In Maryland v. Wilson,(1) the Supreme Court addressed whether police officers can order an innocent passenger to exit a vehicle when the driver is lawfully stopped for traffic violations.(2) The Court held that, as a matter of officer safety, police officers may order a passenger out of a lawfully stopped vehicle without having any particular reason to believe that the passenger poses a threat to the officer.(3) The Court weighed the public interest in effective law enforcement and the protection of police officers' lives against a passenger's liberty interest in remaining free from arbitrary government intervention.(4) The Court found in favor of the public interest: a command to a passenger to exit a vehicle may save an officer's life, while it affords only a petty indignity to a passenger.(5) Under Wilson, a police officer needs only a lawful reason to make a traffic stop; having made it, she is free to order all passengers to exit the vehicle for any, or no, reason.(6)

This Note argues that Wilson represents a departure from prior Supreme Court case law that required Fourth Amendment seizures to be based on specific, articulable facts that would lead a police officer to believe that she is in danger.(7) This Note contends that the Wilson Court erred by refusing to recognize that ordering the passenger to exit the vehicle constituted an illegal seizure.(8) This Note further argues that Wilson represents an isolated instance of Supreme Court authorization of the potentially arbitrary use of state power to seize an innocent, non-threatening person without any showing either of probable cause or reasonable suspicion.(9) This Note concludes by advising that citizens must now look to their state constitutions for any analogous Fourth Amendment protection in this context.(10)

II. BACKGROUND

The Fourth Amendment to the Constitution requires that searches and seizures be reasonable and that warrants be based upon probable cause.(11) The text of the amendment applies only to federal officers and does not contain a remedy on its face for violations.(12) Through the incorporation of the Fourth Amendment into the Fourteenth Amendment, the Supreme Court has applied the search and seizure provision of the Fourth Amendment to the individual states.(13) The primary importance of the application of the Fourth Amendment to the states is the imposition of the exclusionary rule(14) as a tool to control state authority and a remedy for Fourth Amendment violations.(15) Using the exclusionary rule, the courts have the ability both to oversee the use of state power and to control that power by refusing to authorize outrageous abuses of it.(16)

In earlier interpretations of the Fourth Amendment, the Supreme Court required state actors, such as police officers, always to show probable cause before seizing a person.(17) The state actor could show probable cause to a neutral magistrate before making a seizure, and thereby obtain a warrant authorizing the seizure,(18) or the state actor could make the showing after seizing a person when the person was on trail.(19) Absent a showing of probable cause that the individual was engaged in wrongdoing at the time of the seizure, however, the seizure was found unconstitutional.(20)

A. TERRY v.
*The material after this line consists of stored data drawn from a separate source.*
lemma emeasure_adaptive_measure_Suc:
  assumes A: "A \<in> sets (PiM {1..m} (\<lambda>_. M))"
  shows "emeasure (adaptive_measure (Suc m)) {x \<in> space (PiM {1..Suc m} \<nu>). restrict x {1..m} \<in> A}
       = emeasure (adaptive_measure m) A"
proof -
  define S where "S = {x \<in> space (PiM (insert (Suc m) {1..m}) \<nu>). restrict x {1..m} \<in> A}"
  have Suc_eq: "{1..Suc m} = insert (Suc m) {1..m}" by auto
  have S: "S \<in> sets (PiM (insert (Suc m) {1..m}) \<nu>)"
    unfolding S_def Suc_eq[symmetric] by (rule sets_restrict_prefix[OF _ A]) simp
  have adapt_lik_Suc_measurable: "adapt_lik f est (Suc m) \<in> borel_measurable (PiM (insert (Suc m) {1..m}) \<nu>)"
    using adapt_lik_measurable_nu[of "Suc m"] by (simp only: Suc_eq)
  have indicator_S: "indicator S (x(Suc m := y)) = (indicator A x :: ennreal)"
    if "x \<in> space (PiM {1..m} \<nu>)" "y \<in> space (\<nu> (Suc m))" for x y
  proof -
    have "restrict (x(Suc m := y)) {1..m} = x"
      using that(1) by (auto simp: space_PiM PiE_def extensional_def restrict_def fun_eq_iff)
    moreover have "x(Suc m := y) \<in> space (PiM (insert (Suc m) {1..m}) \<nu>)"
      using that by (auto simp: space_PiM PiE_def extensional_def Pi_def)
    ultimately show ?thesis by (simp add: S_def indicator_def)
  qed
  have "emeasure (adaptive_measure (Suc m)) S
      = (\<integral>\<^sup>+ x. adapt_lik f est (Suc m) x * indicator S x \<partial>PiM (insert (Suc m) {1..m}) \<nu>)"
    unfolding adaptive_measure_def Suc_eq by (rule emeasure_density[OF adapt_lik_Suc_measurable S])
  also have "\<dots> = (\<integral>\<^sup>+ x. (\<integral>\<^sup>+ y. adapt_lik f est (Suc m) (x(Suc m := y)) * indicator S (x(Suc m := y))
      \<partial>\<nu> (Suc m)) \<partial>PiM {1..m} \<nu>)"
    using S adapt_lik_Suc_measurable by (intro product_nn_integral_insert) simp_all
  also have "\<dots> = (\<integral>\<^sup>+ x. adapt_lik f est m x * indicator A x \<partial>PiM {1..m} \<nu>)"
  proof (rule nn_integral_cong)
    fix x assume x: "x \<in> space (PiM {1..m} \<nu>)"
    have "(\<integral>\<^sup>+ y. adapt_lik f est (Suc m) (x(Suc m := y)) * indicator S (x(Suc m := y)) \<partial>\<nu> (Suc m))
        = (\<integral>\<^sup>+ y. adapt_lik f est (Suc m) (x(Suc m := y)) * indicator A x \<partial>\<nu> (Suc m))"
      using x by (intro nn_integral_cong) (simp add: indicator_S)
    also have "\<dots> = adapt_lik f est m x * indicator A x"
      using measurable_compose[OF measurable_component_update[OF x] adapt_lik_Suc_measurable] x
      by (simp add: nn_integral_multc nn_integral_adapt_lik_Suc space_PiM_nu)
    finally show "(\<integral>\<^sup>+ y. adapt_lik f est (Suc m) (x(Suc m := y)) * indicator S (x(Suc m := y)) \<partial>\<nu> (Suc m))
        = adapt_lik f est m x * indicator A x" .
  qed
  also have "\<dots> = emeasure (adaptive_measure m) A"
    unfolding adaptive_measure_def
    using emeasure_density[OF adapt_lik_measurable_nu, of A m] A by (simp add: sets_PiM_nu)
  finally show ?thesis
    unfolding S_def Suc_eq .
qed

lemma emeasure_adaptive_measure_restrict:
  assumes "n \<le> m" "A \<in> sets (PiM {1..n} (\<lambda>_. M))"
  shows "emeasure (adaptive_measure m) {x \<in> space (PiM {1..m} \<nu>). restrict x {1..n} \<in> A}
       = emeasure (adaptive_measure n) A"
  using assms(1)
proof (induction m rule: dec_induct)
  case base
  have "restrict x {1..n} = x" if "x \<in> space (PiM {1..n} \<nu>)" for x
    using that by (simp add: space_PiM PiE_def extensional_restrict)
  then have "{x \<in> space (PiM {1..n} \<nu>). restrict x {1..n} \<in> A} = A"
    using sets.sets_into_space[OF assms(2)] by (auto simp: space_PiM_nu)
  then show ?case by (simp only:)
next
  case (step m)
  define A' where "A' = {x \<in> space (PiM {1..m} \<nu>). restrict x {1..n} \<in> A}"
  have A': "A' \<in> sets (PiM {1..m} (\<lambda>_. M))"
    unfolding A'_def sets_PiM_nu[symmetric] by (rule sets_restrict_prefix[OF step(1) assms(2)])
  have "restrict (restrict x {1..m}) {1..n} = restrict x {1..n}" for x :: "nat \<Rightarrow> 'a"
    using step(1) by (auto simp: restrict_def)
  then have "{x \<in> space (PiM {1..Suc m} \<nu>). restrict x {1..n} \<in> A}
      = {x \<in> space (PiM {1..Suc m} \<nu>). restrict x {1..m} \<in> A'}"
    unfolding A'_def by (auto simp: space_PiM)
  then have "emeasure (adaptive_measure (Suc m)) {x \<in> space (PiM {1..Suc m} \<nu>). restrict x {1..n} \<in> A}
      = emeasure (adaptive_measure (Suc m)) {x \<in> space (PiM {1..Suc m} \<nu>). restrict x {1..m} \<in> A'}"
    by (simp only:)
  also have "\<dots> = emeasure (adaptive_measure m) A'"
    by (rule emeasure_adaptive_measure_Suc[OF A'])
  also have "\<dots> = emeasure (adaptive_measure n) A"
    unfolding A'_def by (rule step.IH)
  finally show ?case .
qed

lemma prob_space_adaptive_measure: "prob_space (adaptive_measure m)"
proof
  have "emeasure (adaptive_measure m) {x \<in> space (PiM {1..m} \<nu>). restrict x {1..0} \<in> space (PiM {1..0} (\<lambda>_. M))}
      = emeasure (adaptive_measure 0) (space (PiM {1..0} (\<lambda>_. M)))"
    by (rule emeasure_adaptive_measure_restrict) simp_all
  moreover have "{x \<in> space (PiM {1..m} \<nu>). restrict x {1..0} \<in> space (PiM {1..0} (\<lambda>_. M))}
      = space (adaptive_measure m)"
    by (auto simp: adaptive_measure_def space_PiM_empty)
  moreover have "adapt_lik f est 0 = (\<lambda>_. 1)"
    by (simp add: adapt_lik_def fun_eq_iff)
  ultimately show "emeasure (adaptive_measure m) (space (adaptive_measure m)) = 1"
    by (simp add: adaptive_measure_def PiM_empty emeasure_density_const)
qed

lemma suminf_emeasure_adaptive_measure_le_1:
  assumes B: "\<And>n. B n \<in> sets (PiM {1..n} (\<lambda>_. M))"
    and disjoint: "\<And>x n n'. n < n' \<Longrightarrow> restrict x {1..n} \<in> B n \<Longrightarrow> restrict x {1..n'} \<in> B n' \<Longrightarrow> False"
  shows "(\<Sum>n. emeasure (adaptive_measure n) (B n)) \<le> 1"
  unfolding suminf_eq_SUP
proof (rule SUP_least)
  fix m
  interpret Q: prob_space "adaptive_measure m"
    by (rule prob_space_adaptive_measure)
  define C where "C n = {x \<in> space (PiM {1..m} \<nu>). restrict x {1..n} \<in> B n}" for n
  have C: "C n \<in> sets (adaptive_measure m)" if "n < m" for n
    using sets_restrict_prefix[OF _ B, of n m] that by (simp add: C_def adaptive_measure_def)
  have "disjoint_family_on C {..<m}"
    unfolding disjoint_family_on_def
  proof (intro ballI impI)
    fix n n' :: nat assume "n \<noteq> n'"
    then show "C n \<inter> C n' = {}"
      using disjoint[of n n'] disjoint[of n' n] by (cases "n < n'") (auto simp: C_def)
  qed
  then have "(\<Sum>n<m. emeasure (adaptive_measure m) (C n)) = emeasure (adaptive_measure m) (\<Union>n<m. C n)"
    using C by (intro sum_emeasure) auto
  also have "\<dots> \<le> 1"
    by (rule Q.emeasure_le_1)
  finally show "(\<Sum>n<m. emeasure (adaptive_measure n) (B n)) \<le> 1"
    using emeasure_adaptive_measure_restrict[OF _ B] by (simp add: C_def)
qed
OHIO AND REASONABLE SUSPICION

In Terry v. Ohio,(21) the Supreme Court authorized an exception to the Fourth Amendment's probable cause requirement.(22) The Court held that an officer's articulable suspicion may be sufficient to justify a warrantless stop and search.(23) The Court defined articulable suspicion as a belief, not rising to the level of probable cause, that the individual affords a danger to the officer.(24) The suspicion must be based on observable facts, as opposed to hunches, that can later be articulated to a judge.(25) The Court emphasized that the circumstances of each situation provide the justification for a warrantless stop and search.(26) Consequently, Terry-type cases are fact-intensive.(27)

The facts of Terry convinced the Court that the officer's seizure of the defendants was based on what he observed of their behavior, in conjunction with his law enforcement experience:(28) A police officer watched the defendant and another man taking turns walking back and forth in front of a store.(29) At the end of each trip past the front of the store, the defendant stopped to speak to the other man. After observing this behavior for more than ten minutes, the police officer approached the men.(30) When the officer asked the men for their names, they only mumbled a reply, at which point the officer grabbed defendant Terry.(31) He patted the outside of Terry's jacket and felt a pistol.(32)

The police officer's observation of the defendant, coupled with the officer's experience, allowed him to conclude reasonably that the suspects afforded a threat to the officer.(33) The Court acknowledged that, given exigent circumstances (in this case, for example, a police officer observed two men "casing" a store), the police may not have time to seek a warrant in order to prevent a crime.(34) Although the officer did not have probable cause to arrest the men, his suspicion that the men were (or were about to be) engaged in criminality was reasonable.(35) If the officer were to leave the men to get a warrant, he would lose the opportunity to prevent crime.(36)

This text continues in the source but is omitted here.